We're seeing a greater and greater trend for this sort of stuff. There's no doubt about it that distractions are growing. —University of Utah psychology professor David Strayer

SALT LAKE CITY — Taylor Sauer was the kind of person who always wanted to help those around her.

"She was just one of those people that everyone turned to when they were having a bad day because they just knew that Taylor would make them feel better about what was going on in their life," her uncle Brad Warr said.

The 18-year-old college freshman was the kind of friend who would give a classmate a ride back to Utah State University in Logan, which she did Saturday before beginning the return trip to her home in Caldwell, Idaho.

The one-time high school salutatorian apparently passed the time on the long drive by communicating with others on Facebook.

"I can't discuss this matter now. Driving and facebooking is not safe! Haha," she posted on the social networking website Facebook at 8:48 p.m.

Moments later, Sauer was dead, killed after the Saturn Vue she was driving collided with a tanker truck and was then hit by a semi truck moments later.

Police said the crash remained under investigation, and they would not confirm if distracted driving played a factor. But Sauer's family has its own opinions.

"We know through Taylor's Facebook account that she was actively in a conversation 12 to 15 minutes before the accident occurred," Warr said. "We know that Taylor had done that in the past, and we know, as a family, that that probably or may have contributed to the accident."

A study by University of Utah psychology professor David Strayer found that talking on a cellphone while driving leads to an impairment level equivalent to that of drunkenness. When texting, an individual is twice as impaired, the 2006 study concluded.

"It's really unfortunate," Strayer said of Sauer's death. "We're seeing a greater and greater trend for this sort of stuff. There's no doubt about it that distractions are growing."

According to the most recent data released by the National Highway Traffic Safety Administration in 2009, distracted driving accounted for about 16 percent of the year's fatal crashes. In total, there were 30,797 fatal crashes and 4,898 of those crashes involved distracted drivers, killing 5,474 people.

Distracted driving is defined as anything that diverts the attention of the driver. The largest percentage of the 5,474 killed, 16 percent, involved people age 20 and younger.

The five-member National Transportation Safety Board issued a unanimous recommendation last month that all states impose a ban on cellphone use while driving, including communication on hands-free devices. The measure would be more stringent than legislation in place in any state, including Utah, which passed its own careless driving law in 2009.

State Rep. Paul Ray, R-Clinton, sponsored the bill that was signed into law by then Gov. Jon Huntsman Jr. and said it was expansive enough to include all methods of electronic communication.

"That would be any postings on social networks along with email or texting, anything electronic that you do in your car from a PDA, phone or computer," he said Tuesday.
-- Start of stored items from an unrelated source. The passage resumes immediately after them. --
lemma cycle_of_list_inject:
  assumes "distinct xs" "distinct ys" "xs \<noteq> []" "set xs = set ys" "hd xs = hd ys"
    and "cycle_of_list xs = cycle_of_list ys"
  shows "xs = ys"
proof -
  have len: "length xs = length ys"
    using distinct_card[OF assms(1)] distinct_card[OF assms(2)] assms(4) by simp
  then have "ys \<noteq> []" using assms(3) by auto
  show ?thesis
  proof (rule nth_equalityI[OF len])
    fix i assume "i < length xs"
    then have "xs ! i = (cycle_of_list xs ^^ i) (hd xs)" "ys ! i = (cycle_of_list ys ^^ i) (hd ys)"
      using funpow_cycle_of_list_nth[OF assms(1), of 0 i] funpow_cycle_of_list_nth[OF assms(2), of 0 i]
        assms(3) \<open>ys \<noteq> []\<close> len by (simp_all add: hd_conv_nth)
    then show "xs ! i = ys ! i" using assms(5,6) by simp
  qed
qed

lemma cyclic_order_on_obtain_list:
  assumes "cyclic_order_on P \<sigma>" "finite P" "B \<in> P"
  obtains xs where "distinct xs" "set xs = P" "hd xs = B" "cycle_of_list xs = \<sigma>"
proof
  have perm: "\<sigma> permutes P" and conn: "\<forall>x\<in>P. \<forall>y\<in>P. \<exists>n. (\<sigma> ^^ n) x = y"
    using assms(1) unfolding cyclic_order_on_def by auto
  have pm: "permutation \<sigma>" using perm assms(2) permutation_permutes by blast
  show "distinct (support \<sigma> B)" by (rule cycle_of_permutation[OF pm])
  show set_eq: "set (support \<sigma> B) = P"
  proof
    show "set (support \<sigma> B) \<subseteq> P" unfolding support_set[OF pm]
      using permutes_in_image[OF permutes_funpow[OF perm]] assms(3) by auto
    show "P \<subseteq> set (support \<sigma> B)" unfolding support_set[OF pm]
      using conn assms(3) by (metis rangeI subsetI)
  qed
  show "hd (support \<sigma> B) = B"
    using least_power_of_permutation(2)[OF pm] by (simp add: upt_conv_Cons)
  show "cycle_of_list (support \<sigma> B) = \<sigma>"
  proof
    fix b show "cycle_of_list (support \<sigma> B) b = \<sigma> b"
    proof (cases "b \<in> set (support \<sigma> B)")
      case True then show ?thesis using cycle_restrict[OF pm] by metis
    next
      case False then show ?thesis using id_outside_supp[OF False] set_eq
          permutes_not_in[OF perm] by metis
    qed
  qed
qed

lemma inj_on_set_cycle_of_list:
  assumes "a \<in> A"
  shows "inj_on (\<lambda>xs. (set xs, cycle_of_list xs)) {xs. ordered_partition_on A xs \<and> a \<in> hd xs}"
proof (rule inj_onI)
  fix xs ys
  assume xs: "xs \<in> {xs. ordered_partition_on A xs \<and> a \<in> hd xs}"
    and ys: "ys \<in> {xs. ordered_partition_on A xs \<and> a \<in> hd xs}"
    and "(set xs, cycle_of_list xs) = (set ys, cycle_of_list ys)"
  then have eq: "set xs = set ys" "cycle_of_list xs = cycle_of_list ys" by simp_all
  have dist: "distinct xs" "distinct ys" and "partition_on A (set xs)"
    using xs ys by (simp_all add: ordered_partition_on_def)
  then have dj: "disjoint (set xs)" by (simp add: partition_onD2)
  have "A \<noteq> {}" using assms by blast
  then have ne: "xs \<noteq> []" "ys \<noteq> []" using xs ys by (cases xs; cases ys; simp)+
  have "hd xs \<in> set xs" by (rule hd_in_set[OF ne(1)])
  moreover have "hd ys \<in> set xs" unfolding eq(1) by (rule hd_in_set[OF ne(2)])
  moreover have "a \<in> hd xs" "a \<in> hd ys" using xs ys by simp_all
  ultimately have "hd xs = hd ys" using disjointD[OF dj] by blast
  then show "xs = ys" by (rule cycle_of_list_inject[OF dist ne(1) eq(1) _ eq(2)])
qed

lemma bij_betw_ordered_partitions_cyc_partitions:
  assumes "finite A" "a \<in> A"
  shows "bij_betw (\<lambda>xs. (set xs, cycle_of_list xs))
           {xs. ordered_partition_on A xs \<and> a \<in> hd xs} (cyc_partitions A)"
proof (intro bij_betw_imageI[OF inj_on_set_cycle_of_list[OF assms(2)]] equalityI subsetI)
  fix p assume "p \<in> (\<lambda>xs. (set xs, cycle_of_list xs)) ` {xs. ordered_partition_on A xs \<and> a \<in> hd xs}"
  then obtain xs where "ordered_partition_on A xs" "p = (set xs, cycle_of_list xs)" by blast
  then show "p \<in> cyc_partitions A"
    using cyclic_order_on_cycle_of_list[of xs]
    by (simp add: cyc_partitions_def ordered_partition_on_def)
next
  fix p assume "p \<in> cyc_partitions A"
  then obtain P \<sigma> where p: "p = (P, \<sigma>)" "partition_on A P" "cyclic_order_on P \<sigma>"
    unfolding cyc_partitions_def by auto
  have "finite P" using finite_elements[OF assms(1) p(2)] .
  have "A = \<Union>P" using partition_onD1[OF p(2)] .
  then obtain B where "B \<in> P" "a \<in> B" using assms(2) by blast
  obtain xs where xs: "distinct xs" "set xs = P" "hd xs = B" "cycle_of_list xs = \<sigma>"
    by (rule cyclic_order_on_obtain_list[OF p(3) \<open>finite P\<close> \<open>B \<in> P\<close>])
  have "xs \<in> {xs. ordered_partition_on A xs \<and> a \<in> hd xs}"
    using xs p(2) \<open>a \<in> B\<close> by (simp add: ordered_partition_on_def)
  moreover have "p = (set xs, cycle_of_list xs)" using xs p(1) by simp
  ultimately show "p \<in> (\<lambda>xs. (set xs, cycle_of_list xs)) ` {xs. ordered_partition_on A xs \<and> a \<in> hd xs}"
    by (rule rev_image_eqI)
qed

lemma cum_eq_sum_first_block:
  assumes "finite A" "a \<in> A"
  shows "cum A \<phi> = (\<Sum>S\<in>Pow A. if a \<in> S then \<phi> S * conv_inverse \<phi> (A - S) else 0)"
proof -
  have "cum A \<phi> = (\<Sum>xs | ordered_partition_on A xs \<and> a \<in> hd xs.
                     (-1) ^ (card (set xs) - 1) * (\<Prod>I\<in>set xs. \<phi> I))"
    unfolding cum_def
    by (subst sum.reindex_bij_betw[OF bij_betw_ordered_partitions_cyc_partitions[OF assms], symmetric])
       simp
  also have "\<dots> = - (\<Sum>xs | ordered_partition_on A xs \<and> a \<in> hd xs.
                       (-1) ^ length xs * prod_list (map \<phi> xs))"
    unfolding sum_negf[symmetric]
  proof (intro sum.cong refl)
    fix xs assume xs: "xs \<in> {xs. ordered_partition_on A xs \<and> a \<in> hd xs}"
    then have "xs \<noteq> []" using assms(2) by auto
    moreover have "distinct xs" using xs by (simp add: ordered_partition_on_def)
    ultimately show "(-1) ^ (card (set xs) - 1) * (\<Prod>I\<in>set xs. \<phi> I)
             = - ((-1) ^ length xs * prod_list (map \<phi> xs))"
      by (cases xs) (auto simp: distinct_card prod.distinct_set_conv_list)
  qed
  also have "\<dots> = (\<Sum>S\<in>{S \<in> Pow A. a \<in> S}. \<phi> S * conv_inverse \<phi> (A - S))"
  proof -
    have "A \<noteq> {}" and "{S. S \<in> Pow A - {{}} \<and> a \<in> S} = {S \<in> Pow A. a \<in> S}"
      using assms(2) by auto
    with sum_ordered_partitions_by_head[OF assms(1) this(1), where P = "\<lambda>S. a \<in> S" and \<phi> = \<phi>]
    show ?thesis by (simp only: minus_minus)
  qed
  also have "\<dots> = (\<Sum>S\<in>Pow A. if a \<in> S then \<phi> S * conv_inverse \<phi> (A - S) else 0)"
    using assms(1) by (intro sum.inter_filter) simp
  finally show ?thesis .
qed

lemma sum_Pow_split:
  assumes "finite C"
  shows "(\<Sum>S\<in>Pow C. g S) = (\<Sum>T\<in>Pow (C \<inter> J). \<Sum>U\<in>Pow (C - J). g (T \<union> U))"
proof -
  have "(\<Sum>S\<in>Pow C. g S) = (\<Sum>(T, U)\<in>Pow (C \<inter> J) \<times> Pow (C - J). g (T \<union> U))"
    by (rule sum.reindex_bij_witness[where i = "\<lambda>(T, U). T \<union> U" and j = "\<lambda>S. (S \<inter> J, S - J)"])
       (auto simp: Int_Diff_Un)
  then show ?thesis by (simp add: sum.cartesian_product)
qed

lemma sum_Pow_prod_Int:
  fixes f :: "'a set \<Rightarrow> 'a set \<Rightarrow> 'b::comm_semiring_1"
  assumes "finite Q" "disjoint Q" "finite C" "C \<subseteq> \<Union>Q"
  shows "(\<Sum>S\<in>Pow C. \<Prod>J\<in>Q. f J (S \<inter> J)) = (\<Prod>J\<in>Q. \<Sum>T\<in>Pow (C \<inter> J). f J T)"
  using assms
proof (induction Q arbitrary: C rule: finite_induct)
  case (insert J Q)
  have dj: "J \<inter> J' = {}" if "J' \<in> Q" for J'
    using insert.hyps(2) insert.prems(1) that by (metis disjnt_def insertCI pairwiseD)
  have "(\<Sum>S\<in>Pow C. \<Prod>J\<in>insert J Q. f J (S \<inter> J))
      = (\<Sum>T\<in>Pow (C \<inter> J). \<Sum>U\<in>Pow (C - J). \<Prod>J\<in>insert J Q. f J ((T \<union> U) \<inter> J))"
    by (rule sum_Pow_split[OF insert.prems(2)])
  also have "\<dots> = (\<Sum>T\<in>Pow (C \<inter> J). \<Sum>U\<in>Pow (C - J). f J T * (\<Prod>J'\<in>Q. f J' (U \<inter> J')))"
  proof (intro sum.cong refl)
    fix T U assume T: "T \<in> Pow (C \<inter> J)" and U: "U \<in> Pow (C - J)"
    have "(T \<union> U) \<inter> J' = U \<inter> J'" if "J' \<in> Q" for J' using T dj[OF that] by auto
    moreover have "(T \<union> U) \<inter> J = T" using T U by auto
    ultimately show "(\<Prod>J\<in>insert J Q. f J ((T \<union> U) \<inter> J)) = f J T * (\<Prod>J'\<in>Q. f J' (U \<inter> J'))"
      using insert.hyps by simp
  qed
  also have "\<dots> = (\<Sum>T\<in>Pow (C \<inter> J). f J T) * (\<Sum>U\<in>Pow (C - J). \<Prod>J'\<in>Q. f J' (U \<inter> J'))"
    by (simp add: sum_product)
  also have "(\<Sum>U\<in>Pow (C - J). \<Prod>J'\<in>Q. f J' (U \<inter> J')) = (\<Prod>J'\<in>Q. \<Sum>T\<in>Pow ((C - J) \<inter> J'). f J' T)"
    using insert.IH[of "C - J"] insert.prems by (auto simp: pairwise_insert)
  also have "\<dots> = (\<Prod>J'\<in>Q. \<Sum>T\<in>Pow (C \<inter> J'). f J' T)"
  proof (intro prod.cong refl)
    fix J' assume "J' \<in> Q"
    then have "(C - J) \<inter> J' = C \<inter> J'" using dj by blast
    then show "(\<Sum>T\<in>Pow ((C - J) \<inter> J'). f J' T) = (\<Sum>T\<in>Pow (C \<inter> J'). f J' T)" by simp
  qed
  finally show ?case using insert.hyps by simp
qed simp
(* Let $b,c,d\in\mathbb{R}$ and $Q(\phi)=\phi^4-c\phi^2+2b\phi+2d$. Consider real solutions $\phi$ of the system $\phi'''-6\phi^2\phi'+c\phi'=0$, $\phi''-2\phi^3+c\phi=b$, $(\phi')^2=Q(\phi)$. There exist bounded periodic (nonconstant) solutions of this system if and only if the four roots of $Q$ are real and distinct, which is equivalent to $(b,c)\in\Omega$, where $\Omega=\{(b,c): b\in(-b_c,b_c),\ c>0\}$ and $b_c=\sqrt{2c^3}/\sqrt{27}$. Ordering the four roots of $Q$ as $u_4<u_3<u_2<u_1$, the solution is given by $$\phi(x)=u_4+\frac{(u_2-u_4)(u_3-u_4)}{(u_2-u_4)-(u_2-u_3)\mathrm{sn}^2(\nu x)},$$ where $\nu=\frac12\sqrt{(u_1-u_3)(u_2-u_4)}$ and $\mathrm{sn}$ has modulus $k=\sqrt{\frac{(u_1-u_4)(u_2-u_3)}{(u_1-u_3)(u_2-u_4)}}$. The fundamental period of $\phi$ is $2\nu^{-1}K(k)$, and its minimal and maximal values on $[-\nu^{-1}K,\nu^{-1}K]$ are attained at $\phi(0)=u_3$ and $\phi(\pm\nu^{-1}K)=u_2$, respectively.
   Context: $K(k)$ denotes the complete elliptic integral of the first kind and $\mathrm{sn}$ the Jacobi elliptic sine function with modulus $k$. *)

theory Defs
  imports "HOL-Analysis.Analysis"
begin

definition ellip_F :: "real \<Rightarrow> real \<Rightarrow> real" where
  "ellip_F phi k =
     (if 0 \<le> phi then integral {0..phi} (\<lambda>t. 1 / sqrt (1 - k\<^sup>2 * (sin t)\<^sup>2))
      else - integral {phi..0} (\<lambda>t. 1 / sqrt (1 - k\<^sup>2 * (sin t)\<^sup>2)))"

definition ellip_K :: "real \<Rightarrow> real" where
  "ellip_K k = ellip_F (pi / 2) k"

text \<open>Jacobi amplitude: inverse of F(.,k) (meaningful for 0 <= k < 1), and sn = sin o am.\<close>
definition jacobi_am :: "real \<Rightarrow> real \<Rightarrow> real" where
  "jacobi_am u k = (THE phi. ellip_F phi k = u)"

definition jacobi_sn :: "real \<Rightarrow> real \<Rightarrow> real" where
  "jacobi_sn u k = sin (jacobi_am u k)"

definition Qpoly :: "real \<Rightarrow> real \<Rightarrow> real \<Rightarrow> real \<Rightarrow> real" where
  "Qpoly b c d p = p ^ 4 - c * p\<^sup>2 + 2 * b * p + 2 * d"

definition is_solution :: "real \<Rightarrow> real \<Rightarrow> real \<Rightarrow> (real \<Rightarrow> real) \<Rightarrow> bool" where
  "is_solution b c d \<phi> \<longleftrightarrow>
     (\<exists>\<phi>1 \<phi>2 \<phi>3. \<forall>x.
        (\<phi> has_real_derivative \<phi>1 x) (at x) \<and>
        (\<phi>1 has_real_derivative \<phi>2 x) (at x) \<and>
        (\<phi>2 has_real_derivative \<phi>3 x) (at x) \<and>
        \<phi>3 x - 6 * (\<phi> x)\<^sup>2 * \<phi>1 x + c * \<phi>1 x = 0 \<and>
        \<phi>2 x - 2 * (\<phi> x) ^ 3 + c * \<phi> x = b \<and>
        (\<phi>1 x)\<^sup>2 = Qpoly b c d (\<phi> x))"

definition periodic_fun :: "(real \<Rightarrow> real) \<Rightarrow> bool" where
  "periodic_fun f \<longleftrightarrow> (\<exists>T>0. \<forall>x. f (x + T) = f x)"

definition fundamental_period :: "(real \<Rightarrow> real) \<Rightarrow> real \<Rightarrow> bool" where
  "fundamental_period f T \<longleftrightarrow> T > 0 \<and> (\<forall>x. f (x + T) = f x) \<and>
     (\<forall>S. 0 < S \<and> S < T \<longrightarrow> \<not> (\<forall>x. f (x + S) = f x))"

definition nonconstant :: "(real \<Rightarrow> real) \<Rightarrow> bool" where
  "nonconstant f \<longleftrightarrow> \<not> (\<exists>a. \<forall>x. f x = a)"

definition b_crit :: "real \<Rightarrow> real" where
  "b_crit c = sqrt (2 * c ^ 3) / sqrt 27"

definition Omega :: "(real \<times> real) set" where
  "Omega = {(b, c). c > 0 \<and> - b_crit c < b \<and> b < b_crit c}"

definition bpn_solution :: "real \<Rightarrow> real \<Rightarrow> real \<Rightarrow> (real \<Rightarrow> real) \<Rightarrow> bool" where
  "bpn_solution b c d \<phi> \<longleftrightarrow>
     is_solution b c d \<phi> \<and> bounded (range \<phi>) \<and> periodic_fun \<phi> \<and> nonconstant \<phi>"

end

theory Submission
  imports Defs "HOL-Real_Asymp.Real_Asymp"
begin

text \<open>A solution of the system is the same as a solution of \<open>\<phi>'' = Q'(\<phi>)/2\<close> with energy
  \<open>\<phi>'\<^sup>2 = Q(\<phi>)\<close>, and such solutions are determined by \<open>(\<phi>, \<phi>')\<close> at one point.
  A bounded periodic nonconstant solution attains a minimum \<open>m\<close> and a maximum \<open>M > m\<close>; both are
  roots of \<open>Q\<close>, \<open>Q \<ge> 0\<close> on \<open>[m, M]\<close>, and \<open>Q'\<close> cannot vanish at \<open>m\<close> or \<open>M\<close> (the solution would
  be an equilibrium), so \<open>Q\<close> turns negative beyond \<open>m\<close> and \<open>M\<close> and has two more real roots.
  Conversely, for roots \<open>u4 < u3 < u2 < u1\<close> the Moebius image of \<open>sn\<^sup>2(\<nu>x)\<close> given in the statement
  solves the equation, oscillating between \<open>u3\<close> and \<open>u2\<close> with period \<open>2K/\<nu>\<close>; any other bounded
  periodic solution has minimum \<open>u3\<close> with zero velocity there, hence is a translate of it.
  Finally, varying \<open>d\<close> shifts \<open>Q\<close> vertically, so \<open>Q\<close> has four real roots for some \<open>d\<close> iff
  \<open>Q'/2 = 2\<phi>\<^sup>3 - c\<phi> + b\<close> has three, i.e. iff \<open>c > 0\<close> and \<open>|b| < b\<^sub>c\<close>.\<close>

section \<open>Elliptic integrals and the Jacobi amplitude\<close>

definition ellip_integrand :: "real \<Rightarrow> real \<Rightarrow> real" where
  "ellip_integrand k t = 1 / sqrt (1 - k\<^sup>2 * (sin t)\<^sup>2)"

lemma ellip_F_conv_integral:
  "ellip_F phi k =
     (if 0 \<le> phi then integral {0..phi} (ellip_integrand k) else - integral {phi..0} (ellip_integrand k))"
  unfolding ellip_F_def ellip_integrand_def by simp

lemma ellip_F_0 [simp]: "ellip_F 0 k = 0"
  by (simp add: ellip_F_conv_integral)

lemma ellip_integrand_minus: "ellip_integrand k (- t) = ellip_integrand k t"
  by (simp add: ellip_integrand_def)

lemma ellip_integrand_add_pi: "ellip_integrand k (t + pi) = ellip_integrand k t"
  by (simp add: ellip_integrand_def)

lemma ellip_integrand_reflect: "ellip_integrand k (pi / 2 + t) = ellip_integrand k (pi / 2 - t)"
  by (simp add: ellip_integrand_def sin_cos_eq cos_add cos_diff)

definition sn_poly :: "real \<Rightarrow> real \<Rightarrow> real" where
  "sn_poly k s = s * (1 - s) * (1 - k\<^sup>2 * s)"

definition sn_poly_deriv :: "real \<Rightarrow> real \<Rightarrow> real" where
  "sn_poly_deriv k s = (1 - 2 * s) * (1 - k\<^sup>2 * s) - k\<^sup>2 * s * (1 - s)"

context
  fixes k :: real
  assumes modulus: "k\<^sup>2 < 1"
begin

lemma ellip_radicand_pos: "0 < 1 - k\<^sup>2 * (sin t)\<^sup>2"
proof -
  have "(sin t)\<^sup>2 \<le> 1"
    by (simp add: abs_square_le_1)
  then have "k\<^sup>2 * (sin t)\<^sup>2 \<le> k\<^sup>2"
    by (simp add: mult_left_le)
  with modulus show ?thesis by linarith
qed

lemma ellip_integrand_ge_1: "1 \<le> ellip_integrand k t"
proof -
  have "0 < sqrt (1 - k\<^sup>2 * (sin t)\<^sup>2)" and "sqrt (1 - k\<^sup>2 * (sin t)\<^sup>2) \<le> 1"
    using ellip_radicand_pos[of t] by auto
  then show ?thesis by (simp add: ellip_integrand_def)
qed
He said the law does not require any changes because it already applies to programs like Twitter and Facebook. He said the real problem is getting people to obey the law that is already in place.

"The laws are there," he said. "The problem is getting people to follow them. It comes down to personal responsibility. Whether you have the law or not, you know it's not safe."

If Sauer was sending text messages or using Facebook while driving, she was not breaking any Idaho laws. Legislation that would ban texting while driving in that state was voted down in the Idaho House of Representatives in both 2010 and 2011.

Utah Highway Patrol trooper Todd Johnson called the statute "another tool" for law enforcement to ensure safe travel on the state's roadways, but also said catching offenders in the act can be a challenge.

"It's difficult to do the enforcement on it because the officer or trooper or police officer needs to be certain that the person is texting and it's hard to tell," he said, adding that a person can legally dial or search for a phone number.

However, if someone is involved in a collision where distracted driving is suspected, troopers can subpoena phone records to determine if using a phone contributed to the crash. Johnson said drivers of all ages use their phones while driving and he doesn't expect usage to go down.

"These electronics are part of our lives and it's going to become more a part of our lives," he said. "What we need to do as drivers, professionals and citizens is discipline ourselves. I mean, be able to disregard that phone call or text … leave it in its holster or, if it's something important, wait. Stop the vehicle and deal with it."

Strayer said advances in technology and the installation of more devices in automobiles are exacerbating the problem. He said that some of those things may improve safety, but most of them will take the driver away from the act of driving.

"Clearly these technologies have a capability of really making the crash risk go up," Strayer said. "I think the problem is a lot of this stuff is flashy and kind of exciting … Just because it's fun to do, doesn't mean it's safe to do."

All you have to do is look at other drivers when they're weaving and running red lights and doing other things that are clearly hazardous and see these drivers are not drunk, they're just intoxicated with technology."

Warr said family members are now preparing for the funeral of his niece on Friday and hoping to make others more aware of the dangers of driving while distracted.

"Whether it be social media or texting — and in our hearts we know that very likely contributed to Taylor's death — we just hope and we expect to take an active role in getting that discussion into the public's eye that those mistakes by young drivers are something that can cost you dearly."